Detection of GBV-C: Plasma GBV-C RNA was detected by in –house Reverse-Transcription-Polymerase Chain Reaction (RT-PCR): Total RNA extracted from 250 μL of EDTA -anticoagulant plasma with TRIzol LS reagent, followed by organic extraction with chloroform, precipitate with isopropanol-ethanol. Five microliter RNA extract was add to RT mix containing of dnTP, random hexamer primer, Rnase inhibitor and murin leukaemia virus reveres transcriptase. CDNA synthesis was performed at 40°C for 40 min. After RT, CDNA was add to PCR mix containing of Taq polymerase, nucleotides mix and primer pairs located in the NS5a region of the viral genome (Forward: 5'-TAAGAGAAGGTTAAGATTCC-3' and Reveres: 5'- CAAGAGAGAACATTGAAGG-3') or primer pairs located in the NCR region of the viral genome reported previously (Kupfer et al., 2005). Amplification was performed at 95 for 5 min, then 45 cycles of 94°C for 45 sec, 55°C for 45 sec, 72°C for 45 sec with final extension step of 5 min at 72°C. The amplicons were detected by gel electrophoresis on an ethidium bromide-stained 2% agarose gel under UV light. A plasmid containing GBV-C cloned sequences (Biodiversity Italy) used as positive control. Positive cases were reconfirmed by GBV-C detection kit (Roche Germany) according to the manufacturer’s instruction. Briefly, the PCR products were labeled with digoxigenin during the amplification process. The labelled PCR products were analyzed by solution hybridization to a specific capture probe that was complimentary to the inner part of the amplification product. This capture probe was biotinylated to allow immobilization of the hybrid to a streptavidin-coated micro plate surface. The bound hybrid was detected by an anti-digoxigenin-proxidase conjugate and by use of colorimetric substrate.
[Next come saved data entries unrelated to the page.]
lemma DN_fixes_ideal:
  assumes n: "n > 0" and I: "principal_ideal n I" and conj: "cnj ` I = I"
    and h: "h \<in> DN n"
  shows "h ` I = I"
  using h
proof (cases rule: DN_cases)
  case (1 k)
  then show ?thesis
    using rotation_unit_power_fixes_ideal[OF n I] by simp
next
  case (2 k)
  then have "h ` I = (\<lambda>z. rotation_unit n ^ k * z) ` (cnj ` I)"
    by (simp add: image_image)
  then show ?thesis
    using rotation_unit_power_fixes_ideal[OF n I] conj by simp
qed

lemma DN_additive: "h \<in> DN n \<Longrightarrow> h (x + z) = h x + h z"
  by (erule DN_cases) (simp_all add: distrib_left)

lemma DN_maps_Mn: "n > 0 \<Longrightarrow> h \<in> DN n \<Longrightarrow> x \<in> Mn n \<Longrightarrow> h x \<in> Mn n"
  by (erule DN_cases) (simp_all add: Mn_mult Mn_power rotation_unit_in_Mn cnj_in_Mn)

lemma semidirect_TD_subset_color_symmetry_group:
  assumes n: "n > 0" and I: "principal_ideal n I" and conj: "cnj ` I = I"
  shows "semidirect_TD n \<subseteq> color_symmetry_group n I"
proof
  fix g assume g: "g \<in> semidirect_TD n"
  then obtain y h where g_eq: "g = (\<lambda>x. x + y) \<circ> h" and y: "y \<in> Mn n" and h: "h \<in> DN n"
    unfolding semidirect_TD_def TG_def by auto
  have "\<forall>C \<in> cosets_in n I. g ` C \<in> cosets_in n I"
    unfolding g_eq
    using affine_map_permutes_cosets[OF DN_additive[OF h] DN_maps_Mn[OF n h] DN_fixes_ideal[OF n I conj h] y]
    by (intro ballI)
  with g show "g \<in> color_symmetry_group n I"
    unfolding color_symmetry_group_def Gsym_def mem_Collect_eq by (intro conjI)
qed

lemma color_symmetry_group_cnj_fixes_ideal:
  assumes I: "principal_ideal n I" and cnj_sym: "cnj \<in> color_symmetry_group n I"
  shows "cnj ` I = I"
proof -
  have "I = (\<lambda>z. 0 + z) ` I"
    by simp
  then have "I \<in> cosets_in n I"
    unfolding cosets_in_def using zero_in_Mn by blast
  with cnj_sym have "cnj ` I \<in> cosets_in n I"
    unfolding color_symmetry_group_def by simp
  then obtain x where x: "cnj ` I = (\<lambda>z. x + z) ` I"
    unfolding cosets_in_def by blast
  have "0 \<in> I"
    by (rule zero_in_principal_ideal[OF I])
  then have "0 \<in> (\<lambda>z. x + z) ` I"
    unfolding x[symmetric] by (rule rev_image_eqI) simp
  with x show ?thesis
    using coset_containing_zero[OF I] by simp
qed

theorem theorem3p1p2:
  fixes n :: nat and I :: "complex set"
  assumes "n \<in> pid_cyclotomic_indices"
    and "principal_ideal n I"
    and "finite_index n I"
  shows "color_symmetry_group n I = semidirect_TD n \<longleftrightarrow> phi2 ` I = I"
proof
  have n: "n > 0"
    using assms(1) unfolding pid_cyclotomic_indices_def by auto
  show "phi2 ` I = I" if "color_symmetry_group n I = semidirect_TD n"
  proof -
    have "(\<lambda>x. x + 0) \<circ> cnj \<in> semidirect_TD n"
      unfolding semidirect_TD_def TG_def using cnj_in_DN[OF n] zero_in_Mn by blast
    then have "cnj \<in> color_symmetry_group n I"
      using that by (simp add: comp_def)
    then show ?thesis
      unfolding phi2_def by (rule color_symmetry_group_cnj_fixes_ideal[OF assms(2)])
  qed
  show "color_symmetry_group n I = semidirect_TD n" if "phi2 ` I = I"
  proof
    show "color_symmetry_group n I \<subseteq> semidirect_TD n"
      unfolding color_symmetry_group_def Gsym_def by blast
    show "semidirect_TD n \<subseteq> color_symmetry_group n I"
      using semidirect_TD_subset_color_symmetry_group[OF n assms(2)] that by (simp add: phi2_def)
  qed
qed

end
lemma has_double_descent_append_max:
  "\<forall>x\<in>set xs. x < M \<Longrightarrow>
    has_double_descent (xs @ M # ys) \<longleftrightarrow> has_double_descent xs \<or> has_double_descent (M # ys)"
proof (induction xs rule: induct_list012)
  case (2 a)
  then show ?case by (cases ys) (auto simp: has_double_descent_Cons_Cons_Cons has_double_descent_short)
next
  case (3 a b zs)
  then show ?case
    by (cases zs) (auto simp: has_double_descent_Cons_Cons_Cons has_double_descent_short)
qed (simp add: has_double_descent_short)

lemma has_double_descent_ins_at_max:
  assumes "\<forall>x\<in>set xs. x < M" "\<not> has_double_descent xs"
  shows "has_double_descent (ins_at g M xs) \<longleftrightarrow> g \<in> descents xs"
proof -
  have "\<not> has_double_descent (take g xs)" "\<not> has_double_descent (drop g xs)"
    using assms(2) has_double_descent_append_left has_double_descent_append_right
    by (metis append_take_drop_id)+
  moreover have "\<forall>x\<in>set (take g xs). x < M" "\<forall>x\<in>set (drop g xs). x < M"
    using assms(1) by (auto dest: in_set_takeD in_set_dropD)
  ultimately have "has_double_descent (ins_at g M xs)
      \<longleftrightarrow> (\<exists>b c zs. drop g xs = b # c # zs \<and> c < b)"
    unfolding ins_at_def by (simp add: has_double_descent_append_max has_double_descent_Cons_max)
  also have "\<dots> \<longleftrightarrow> Suc g < length xs \<and> xs ! Suc g < xs ! g"
  proof
    assume "\<exists>b c zs. drop g xs = b # c # zs \<and> c < b"
    then obtain b c zs where bc: "drop g xs = b # c # zs" "c < b" by blast
    have "length xs - g = Suc (Suc (length zs))"
      using arg_cong[OF bc(1), of length] by (simp only: length_drop length_Cons)
    then have "Suc g < length xs" by simp
    with bc show "Suc g < length xs \<and> xs ! Suc g < xs ! g"
      by (simp add: drop_eq_nth_Cons_nth_Cons)
  qed (auto simp: drop_eq_nth_Cons_nth_Cons)
  finally show ?thesis by (simp add: descents_def)
qed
Determination of plasma sCD26 levels: Plasma levels of sCD26 were measured by ELISA (Chemicon International, USA) a sandwich type immunoassay which can be used to measure sCD26 in plasma. Briefly, this assay utilizes an anti-CD26 monoclonal antibody coated to polystyrene microtiter wells. After addition of samples, or standards and rinsing, a biotinylated second monoclonal CD26 antibody was added and allowed to bind to sCD26, captured by the coating antibody. After rinsing, horseradish-peroxidase-conjugated streptavidin was added, followed by a biotinylated second antibody and addition of a chromogen, resulting in the formation of a colored product. Absorbance was measured at 450 nm to quantify color development. Levels of sCD26 in samples are determined by comparison with a standard curve prepared from six sCD26 standards, ranging from 500 to 15.6 ng mL-1.
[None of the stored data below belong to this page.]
(* For every $n\in\mathbb N$, let $z_n$ be the solution of $z_n'(t)=-n^2\int_0^tN(t-s)z_n(s)\,ds$, $z_n(0)=1$. Then $|z_n(t)|\le 1$ for every $n\in\mathbb N$ and every $t>0$.
   Context: $N:(0,+\infty)\to\mathbb R$ satisfies $N\in L^1(0,T)$ for every $T>0$, and its Laplace transform $\hat N(\lambda)$ is defined and holomorphic on $\Pi_0=\{\operatorname{Re}\lambda>0\}$ and maps $\Pi_0$ into itself (positive real function). *)

theory Defs
  imports "HOL-Analysis.Analysis"
begin

definition laplace :: "(real \<Rightarrow> real) \<Rightarrow> complex \<Rightarrow> complex" where
  "laplace N z = integral {0<..} (\<lambda>t. exp (- z * complex_of_real t) * complex_of_real (N t))"

end

theory Submission
  imports Defs
begin

text \<open>Along a solution, \<open>(y\<^sup>2)' = -2n\<^sup>2 y (N \<star> y)\<close> with \<open>(N \<star> y)(t) = \<integral>\<^sub>0\<^sup>t N(x) y(t - x) dx\<close>,
  so \<open>y(T)\<^sup>2 - 1 = -2n\<^sup>2 \<integral>\<^sub>0\<^sup>T y (N \<star> y)\<close> and it suffices that \<open>N\<close> is of positive type:
  \<open>\<integral>\<^sub>0\<^sup>T y (N \<star> y) \<ge> 0\<close> for every continuous \<open>y\<close>. For the damped kernel \<open>M(x) = e\<^sup>-\<^sup>\<sigma>\<^sup>x N(x)\<close>,
  which is integrable with cosine transform \<open>Re N\<^sup>^(\<sigma> + i\<theta>) > 0\<close>, test against \<open>f\<close>: the form
  \<open>\<integral>\<^sub>0\<^sup>T \<integral>\<^sub>0\<^sup>\<infinity> \<integral>\<^sub>0\<^sup>T y(t) M(x) y(s) f(t - x - s) ds dx dt\<close> equals the cosine transform of \<open>M\<close> at \<open>\<theta>\<close>
  times \<open>|\<integral>\<^sub>0\<^sup>T y(s) e\<^sup>i\<^sup>\<theta>\<^sup>s ds|\<^sup>2\<close> when \<open>f = cos (\<theta> \<cdot>)\<close>, hence is nonnegative for every
  nonnegative combination of cosines, in particular for the normalised \<open>P\<close>-periodic kernels
  \<open>cos\<^sup>2\<^sup>L(\<pi> v / P)\<close>. These form an approximate identity, so letting \<open>L \<rightarrow> \<infinity>\<close> replaces \<open>f\<close> by
  the periodised \<open>y\<close>; letting \<open>P \<rightarrow> \<infinity>\<close> and then \<open>\<sigma> \<rightarrow> 0\<close> (dominated convergence each time)
  yields positivity for \<open>N\<close> itself.\<close>

lemma negligible_countable: "countable (A :: real set) \<Longrightarrow> negligible A"
  using negligible_countable_Union[of "(\<lambda>x. {x}) ` A"] by auto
Determination of plasma sCD30 levels: Plasma levels of sCD30 were measured by ELISA (Biotest, Germany) a sandwich type immunoassay which can be used to measure sCD30 in plasma. Briefly, standards and patient specimens were added to peroxidase-conjougated mouse anti-CD30 in polystyrene microtiter wells precoated with another CD30 monoclonal antibody. After 3 h incubation and washing to remove unbound material, a chromogenic substrate was added to the wells. The reaction was then stopped and absorbance at 450 nm was measured. Levels of sCD30 in samples are determined by comparison with a standard curve prepared from 6 sCD30 standards, ranging from 100 to 1.6 U mL-1.
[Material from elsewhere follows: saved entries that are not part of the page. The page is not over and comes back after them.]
theorem proposition8:
  fixes F :: "complex set" and N M k :: nat and Phi :: "complex mat"
  assumes "F = \<real> \<or> F = UNIV"
    and "parseval_frame F N M Phi"
    and "1 \<le> k" and "k \<le> N"
  shows "real (N choose k) \<le> total_vol M k Phi
     \<and> total_vol M k Phi \<le> sqrt (real (M choose k) * real (N choose k))
     \<and> (total_vol M k Phi = sqrt (real (M choose k) * real (N choose k)) \<longleftrightarrow>
          (\<forall>K. K \<subseteq> {0..<M} \<and> card K = k \<longrightarrow>
             vol (col_sub Phi K) = sqrt (real (N choose k) / real (M choose k))))
     \<and> (total_vol M k Phi = real (N choose k) \<longleftrightarrow>
          (\<exists>J. J \<subseteq> {0..<M} \<and> card J = N \<and> is_onb F N Phi J \<and>
               (\<forall>i\<in>{0..<M} - J. col Phi i = 0\<^sub>v N)))"
proof -
  interpret parseval_matrix Phi N M
    using assms(2) by unfold_locales (auto simp: parseval_frame_def)
  define S where "S = {K. K \<subseteq> {0..<M} \<and> card K = k}"
  let ?v = "\<lambda>K. vol (col_sub Phi K)"
  have S: "finite S" "card S = M choose k"
    using n_subsets[of "{0..<M}" k] finite_subset[of S "Pow {0..<M}"] by (auto simp: S_def)
  have bounds: "\<forall>K\<in>S. 0 \<le> ?v K \<and> ?v K \<le> 1"
    using vol_col_sub_le_1 unfolding S_def vol_def by auto
  have sq: "(\<Sum>K\<in>S. (?v K)\<^sup>2) = N choose k" unfolding S_def by (rule sum_vol_col_sub_sq)
  then have "S \<noteq> {}" using assms(4) by auto
  have total: "total_vol M k Phi = sum ?v S" by (simp add: total_vol_def S_def)
  have "(\<Sum>K\<in>S. (?v K)\<^sup>2) \<le> sum ?v S"
    using bounds by (intro sum_mono) (simp add: power2_eq_square mult_left_le)
  moreover have "sum ?v S = N choose k \<longleftrightarrow> (\<forall>K\<in>S. ?v K = 0 \<or> ?v K = 1)"
    using sum_eq_sum_power2_iff[OF S(1) bounds] sq by simp
  ultimately show ?thesis
    using sum_le_sqrt_card_mult_sum_power2[OF S(1), of ?v]
      sum_eq_sqrt_card_mult_sum_power2_iff[OF S(1) \<open>S \<noteq> {}\<close>, of ?v]
      vol_col_sub_0_or_1_iff_onb[OF assms(1) _ assms(3,4)] assms(2)
    unfolding total sq S(2) by (auto simp: S_def parseval_frame_def mult.commute)
qed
PCR for HCV-RNA and HBV-DNA: These tests were performed at IBTO Iranian blood transfusion organization on the basis of routine procedures elsewhere.
Statistics: Because of small sample sizes, nonparametric statistics were used. The Mann-Whitney U-test in SPSS software was used for group comparisons. A p-value of 0.05 or less considered to represent significant.
The level of sCD26 were analyzed in relation to CD4 lymphocyte counts. The results are presented in Table 1. In contrast to finding of Pawlowska et al. (2003). The levels of sCD26 in these groups did not show statistically significant difference. The plasma concentration of sCD26 in 16/17 HIV infected patients ranged from 116-254 ng mL-1, but one case the sCD26 value was 310 ng mL-1, such concentration was found in a male patient with CD4+ lymphocyte counts over 200 μL-1 (627 μL-1) without GBV-C coinfection. The comparison of sCD26 levels in HIV infected and HIV/GBV-C coinfected subjects did not show statistically significant difference. The results are presented in Table 2. Present suggest that GBV-C infection does not appear to influence the level of sCD26. Plasma sCD26 in HIV infected individuals revealed a wider range of levels (116-310 ng mL-1) than in uninfected controls (102-194 ng mL-1) However, there was no significant difference in the levels of sCD26 between HIV infected individuals and uninfected controls (Table 3). Present Finding was in agreement with those of Hosono et al. (1999).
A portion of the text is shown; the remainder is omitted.